ABOUT THIS TASK: Beginning with the first entry, print all the records exactly.

TASK DATA:
lemma reduced_form_nonneg:
  fixes lam \<eta> :: "nat \<Rightarrow> real"
  assumes "3 \<le> n" "1 \<le> m" "m < n"
    and top: "\<And>i. i \<in> {1..m} \<Longrightarrow> lam i = lam 1"
    and below: "\<And>i. i \<in> {m<..<n} \<Longrightarrow> lam i < lam 1"
    and pos: "\<And>i. i \<in> {1..<n} \<Longrightarrow> lam i > 0" and "lam n < 0"
    and \<sigma>: "\<sigma> = - (\<Sum>i\<in>{1..n}. 1 / lam i)" "\<sigma> > 0" "\<sigma> * lam 1 \<le> 1"
    and \<eta>0: "\<And>i. 1 < i \<Longrightarrow> i \<le> m \<Longrightarrow> \<eta> i = 0"
  shows "0 \<le> reduced_form n m lam \<sigma> \<eta>"
proof -
  define R where "R = {m<..<n}"
  define b where "b = - lam n"
  define l where "l = lam 1"
  define P where "P = (\<Sum>i\<in>{1..<n}. 1 / lam i)"
  define c where "c p = 2 / lam p + \<sigma> + 2 * (1 + \<sigma> * lam p) / (l - lam p)" for p
  define V where "V = \<eta> 1 / l + (\<Sum>p\<in>R. \<eta> p / lam p)"
  define Z where "Z = (\<eta> 1)\<^sup>2 / l + (\<Sum>p\<in>R. c p * (\<eta> p)\<^sup>2)"
  have "l > 0" "b > 0" "P > 0" using pos assms(1,7) by (auto simp: l_def b_def P_def intro!: sum_pos)
  have R: "0 < lam p \<and> lam p < l" if "p \<in> R" for p
    using that assms(2) pos below by (auto simp: R_def l_def)
  have "\<sigma> = 1 / b - P"
    unfolding \<sigma> P_def b_def using assms(1) by (simp add: atLeastLessThanSuc_atLeastAtMost[symmetric])
  have decomposition: "reduced_form n m lam \<sigma> \<eta>
      = Z + (- 2 / b + \<sigma> + 2 * (1 - \<sigma> * b) / (l + b)) * (\<eta> n)\<^sup>2 + (V - \<eta> n / b)\<^sup>2 / \<sigma>"
  proof -
    have "2 / lam n + \<sigma> + 2 * (1 + \<sigma> * lam n) / (lam 1 - lam n)
        = - 2 / b + \<sigma> + 2 * (1 - \<sigma> * b) / (l + b)"
      by (simp add: b_def l_def)
    moreover have "\<eta> 1 / lam 1 + (\<Sum>p\<in>{m<..<n}. \<eta> p / lam p) + \<eta> n / lam n = V - \<eta> n / b"
      by (simp add: V_def R_def l_def b_def)
    ultimately show ?thesis
      using \<eta>0 by (subst reduced_form_split[OF assms(2,3)]) (auto simp: Z_def c_def R_def l_def)
  qed
  have c_ge: "2 / lam p + 2 / (l - lam p) \<le> c p" if "p \<in> R" for p
  proof -
    have "2 / (l - lam p) \<le> 2 * (1 + \<sigma> * lam p) / (l - lam p)"
      using R[OF that] \<open>\<sigma> > 0\<close> by (intro divide_right_mono) auto
    then show ?thesis unfolding c_def using \<open>\<sigma> > 0\<close> by linarith
  qed
  have "2 * V\<^sup>2 / P \<le> Z"
    unfolding V_def Z_def l_def
  proof (rule collapse_by_Cauchy_Schwarz)
    show "c p > 0" if "p \<in> R" for p
      using R[OF that] c_ge[OF that] by (smt (verit) divide_pos_pos)
    show "1 / lam 1 + (\<Sum>p\<in>R. (1 / lam p)\<^sup>2 / c p) \<le> P / 2"
      unfolding R_def P_def using R c_ge \<open>l > 0\<close>
      by (intro inverse_weights_le_half_inverse_sum[where lam = lam, OF assms(1-3) _ top])
        (auto simp: R_def l_def)
  qed (use assms(2) \<open>l > 0\<close> \<open>P > 0\<close> in \<open>auto simp: R_def l_def\<close>)
  moreover have "0 \<le> 2 * V\<^sup>2 / P + (- 2 / b + \<sigma> + 2 * (1 - \<sigma> * b) / (l + b)) * (\<eta> n)\<^sup>2
      + (V - \<eta> n / b)\<^sup>2 / \<sigma>"
    using \<open>b > 0\<close> \<open>l > 0\<close> \<open>P > 0\<close> \<open>\<sigma> = 1 / b - P\<close> \<sigma>(2,3)
    by (intro reduced_form_two_dim_nonneg) (simp_all add: l_def mult.commute)
  ultimately show ?thesis unfolding decomposition by linarith
qed
lemma mean_tendsto_at_top:
  fixes p :: "nat \<Rightarrow> real"
  assumes prob: "\<forall>n. 0 \<le> p n \<and> p n \<le> 1"
    and lower: "\<forall>\<^sub>F n in sequentially. 1 / sqrt (real n) \<le> p n"
    and upper: "\<forall>\<^sub>F n in sequentially. p n < sqrt ((3/2 - \<epsilon>) * ln (real n) / real n)"
    and "\<epsilon> > 0"
  shows "filterlim (\<lambda>n. real (n choose 2) * p n * (1 - (p n)\<^sup>2) ^ (n - 2)) at_top sequentially"
proof (cases "\<epsilon> < 3/2")
  case False
  \<comment> \<open>then the upper bound on \<open>p n\<close> is eventually nonpositive, so the hypothesis is vacuous\<close>
  have "\<forall>\<^sub>F n in sequentially. False"
    using upper eventually_ge_at_top[of 1]
  proof eventually_elim
    case (elim n)
    then have "(3/2 - \<epsilon>) * ln (real n) / real n \<le> 0"
      using False by (intro divide_nonpos_nonneg mult_nonpos_nonneg) auto
    then have "sqrt ((3/2 - \<epsilon>) * ln (real n) / real n) \<le> 0"
      by simp
    then show False
      using elim(1) prob by (meson le_less_trans not_less)
  qed
  then show ?thesis by simp
next
  case True
  define c where "c = 3/2 - \<epsilon>"
  have "c > 0" using True by (simp add: c_def)
  have "\<forall>\<^sub>F n in sequentially. c * ln (real n) / real n \<le> 1/2"
    "\<forall>\<^sub>F n in sequentially. 2 * c\<^sup>2 * (ln (real n))\<^sup>2 / real n \<le> 1"
    by real_asymp+
  then have "\<forall>\<^sub>F n in sequentially.
      exp (\<epsilon> * ln (real n) - 1) / 4 \<le> real (n choose 2) * p n * (1 - (p n)\<^sup>2) ^ (n - 2)"
    using eventually_ge_at_top[of 4] lower upper
    by eventually_elim (use mean_lower_bound[OF _ _ _ \<open>c > 0\<close>] in \<open>auto simp: c_def\<close>)
  moreover have "filterlim (\<lambda>n. exp (\<epsilon> * ln (real n) - 1) / 4) at_top sequentially"
    using \<open>\<epsilon> > 0\<close> by real_asymp
  ultimately show ?thesis
    by (rule filterlim_at_top_mono[rotated])
qed

theorem proposition2p7:
  fixes p :: "nat \<Rightarrow> real"
  assumes prob: "\<forall>n. 0 \<le> p n \<and> p n \<le> 1"
    and lower: "\<forall>\<^sub>F n in sequentially. 1 / sqrt (real n) \<le> p n"
  shows "(filterlim (\<lambda>n. real (n choose 2) * p n * (1 - (p n)\<^sup>2) ^ (n - 2)) at_top sequentially
            \<longrightarrow> (\<lambda>n. measure_pmf.prob (G_np n (p n)) {G. triangle_free_edges n G = 0})
                  \<longlonglongrightarrow> 0)
       \<and> ((\<exists>\<epsilon>>0. \<forall>\<^sub>F n in sequentially. p n < sqrt ((3/2 - \<epsilon>) * ln (real n) / real n))
            \<longrightarrow> (\<lambda>n. measure_pmf.prob (G_np n (p n)) {G. triangle_free_edges n G = 0})
                  \<longlonglongrightarrow> 0)"
  using prob_no_triangle_free_edge_tendsto_0[OF prob] mean_tendsto_at_top[OF prob lower] by blast

end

EXERCISE SOLUTION:
lemma reduced_form_nonneg:
  fixes lam \<eta> :: "nat \<Rightarrow> real"
  assumes "3 \<le> n" "1 \<le> m" "m < n"
    and top: "\<And>i. i \<in> {1..m} \<Longrightarrow> lam i = lam 1"
    and below: "\<And>i. i \<in> {m<..<n} \<Longrightarrow> lam i < lam 1"
    and pos: "\<And>i. i \<in> {1..<n} \<Longrightarrow> lam i > 0" and "lam n < 0"
    and \<sigma>: "\<sigma> = - (\<Sum>i\<in>{1..n}. 1 / lam i)" "\<sigma> > 0" "\<sigma> * lam 1 \<le> 1"
    and \<eta>0: "\<And>i. 1 < i \<Longrightarrow> i \<le> m \<Longrightarrow> \<eta> i = 0"
  shows "0 \<le> reduced_form n m lam \<sigma> \<eta>"
proof -
  define R where "R = {m<..<n}"
  define b where "b = - lam n"
  define l where "l = lam 1"
  define P where "P = (\<Sum>i\<in>{1..<n}. 1 / lam i)"
  define c where "c p = 2 / lam p + \<sigma> + 2 * (1 + \<sigma> * lam p) / (l - lam p)" for p
  define V where "V = \<eta> 1 / l + (\<Sum>p\<in>R. \<eta> p / lam p)"
  define Z where "Z = (\<eta> 1)\<^sup>2 / l + (\<Sum>p\<in>R. c p * (\<eta> p)\<^sup>2)"
  have "l > 0" "b > 0" "P > 0" using pos assms(1,7) by (auto simp: l_def b_def P_def intro!: sum_pos)
  have R: "0 < lam p \<and> lam p < l" if "p \<in> R" for p
    using that assms(2) pos below by (auto simp: R_def l_def)
  have "\<sigma> = 1 / b - P"
    unfolding \<sigma> P_def b_def using assms(1) by (simp add: atLeastLessThanSuc_atLeastAtMost[symmetric])
  have decomposition: "reduced_form n m lam \<sigma> \<eta>
      = Z + (- 2 / b + \<sigma> + 2 * (1 - \<sigma> * b) / (l + b)) * (\<eta> n)\<^sup>2 + (V - \<eta> n / b)\<^sup>2 / \<sigma>"
  proof -
    have "2 / lam n + \<sigma> + 2 * (1 + \<sigma> * lam n) / (lam 1 - lam n)
        = - 2 / b + \<sigma> + 2 * (1 - \<sigma> * b) / (l + b)"
      by (simp add: b_def l_def)
    moreover have "\<eta> 1 / lam 1 + (\<Sum>p\<in>{m<..<n}. \<eta> p / lam p) + \<eta> n / lam n = V - \<eta> n / b"
      by (simp add: V_def R_def l_def b_def)
    ultimately show ?thesis
      using \<eta>0 by (subst reduced_form_split[OF assms(2,3)]) (auto simp: Z_def c_def R_def l_def)
  qed
  have c_ge: "2 / lam p + 2 / (l - lam p) \<le> c p" if "p \<in> R" for p
  proof -
    have "2 / (l - lam p) \<le> 2 * (1 + \<sigma> * lam p) / (l - lam p)"
      using R[OF that] \<open>\<sigma> > 0\<close> by (intro divide_right_mono) auto
    then show ?thesis unfolding c_def using \<open>\<sigma> > 0\<close> by linarith
  qed
  have "2 * V\<^sup>2 / P \<le> Z"
    unfolding V_def Z_def l_def
  proof (rule collapse_by_Cauchy_Schwarz)
    show "c p > 0" if "p \<in> R" for p
      using R[OF that] c_ge[OF that] by (smt (verit) divide_pos_pos)
    show "1 / lam 1 + (\<Sum>p\<in>R. (1 / lam p)\<^sup>2 / c p) \<le> P / 2"
      unfolding R_def P_def using R c_ge \<open>l > 0\<close>
      by (intro inverse_weights_le_half_inverse_sum[where lam = lam, OF assms(1-3) _ top])
        (auto simp: R_def l_def)
  qed (use assms(2) \<open>l > 0\<close> \<open>P > 0\<close> in \<open>auto simp: R_def l_def\<close>)
  moreover have "0 \<le> 2 * V\<^sup>2 / P + (- 2 / b + \<sigma> + 2 * (1 - \<sigma> * b) / (l + b)) * (\<eta> n)\<^sup>2
      + (V - \<eta> n / b)\<^sup>2 / \<sigma>"
    using \<open>b > 0\<close> \<open>l > 0\<close> \<open>P > 0\<close> \<open>\<sigma> = 1 / b - P\<close> \<sigma>(2,3)
    by (intro reduced_form_two_dim_nonneg) (simp_all add: l_def mult.commute)
  ultimately show ?thesis unfolding decomposition by linarith
qed
lemma mean_tendsto_at_top:
  fixes p :: "nat \<Rightarrow> real"
  assumes prob: "\<forall>n. 0 \<le> p n \<and> p n \<le> 1"
    and lower: "\<forall>\<^sub>F n in sequentially. 1 / sqrt (real n) \<le> p n"
    and upper: "\<forall>\<^sub>F n in sequentially. p n < sqrt ((3/2 - \<epsilon>) * ln (real n) / real n)"
    and "\<epsilon> > 0"
  shows "filterlim (\<lambda>n. real (n choose 2) * p n * (1 - (p n)\<^sup>2) ^ (n - 2)) at_top sequentially"
proof (cases "\<epsilon> < 3/2")
  case False
  \<comment> \<open>then the upper bound on \<open>p n\<close> is eventually nonpositive, so the hypothesis is vacuous\<close>
  have "\<forall>\<^sub>F n in sequentially. False"
    using upper eventually_ge_at_top[of 1]
  proof eventually_elim
    case (elim n)
    then have "(3/2 - \<epsilon>) * ln (real n) / real n \<le> 0"
      using False by (intro divide_nonpos_nonneg mult_nonpos_nonneg) auto
    then have "sqrt ((3/2 - \<epsilon>) * ln (real n) / real n) \<le> 0"
      by simp
    then show False
      using elim(1) prob by (meson le_less_trans not_less)
  qed
  then show ?thesis by simp
next
  case True
  define c where "c = 3/2 - \<epsilon>"
  have "c > 0" using True by (simp add: c_def)
  have "\<forall>\<^sub>F n in sequentially. c * ln (real n) / real n \<le> 1/2"
    "\<forall>\<^sub>F n in sequentially. 2 * c\<^sup>2 * (ln (real n))\<^sup>2 / real n \<le> 1"
    by real_asymp+
  then have "\<forall>\<^sub>F n in sequentially.
      exp (\<epsilon> * ln (real n) - 1) / 4 \<le> real (n choose 2) * p n * (1 - (p n)\<^sup>2) ^ (n - 2)"
    using eventually_ge_at_top[of 4] lower upper
    by eventually_elim (use mean_lower_bound[OF _ _ _ \<open>c > 0\<close>] in \<open>auto simp: c_def\<close>)
  moreover have "filterlim (\<lambda>n. exp (\<epsilon> * ln (real n) - 1) / 4) at_top sequentially"
    using \<open>\<epsilon> > 0\<close> by real_asymp
  ultimately show ?thesis
    by (rule filterlim_at_top_mono[rotated])
qed

theorem proposition2p7:
  fixes p :: "nat \<Rightarrow> real"
  assumes prob: "\<forall>n. 0 \<le> p n \<and> p n \<le> 1"
    and lower: "\<forall>\<^sub>F n in sequentially. 1 / sqrt (real n) \<le> p n"
  shows "(filterlim (\<lambda>n. real (n choose 2) * p n * (1 - (p n)\<^sup>2) ^ (n - 2)) at_top sequentially
            \<longrightarrow> (\<lambda>n. measure_pmf.prob (G_np n (p n)) {G. triangle_free_edges n G = 0})
                  \<longlonglongrightarrow> 0)
       \<and> ((\<exists>\<epsilon>>0. \<forall>\<^sub>F n in sequentially. p n < sqrt ((3/2 - \<epsilon>) * ln (real n) / real n))
            \<longrightarrow> (\<lambda>n. measure_pmf.prob (G_np n (p n)) {G. triangle_free_edges n G = 0})
                  \<longlonglongrightarrow> 0)"
  using prob_no_triangle_free_edge_tendsto_0[OF prob] mean_tendsto_at_top[OF prob lower] by blast

end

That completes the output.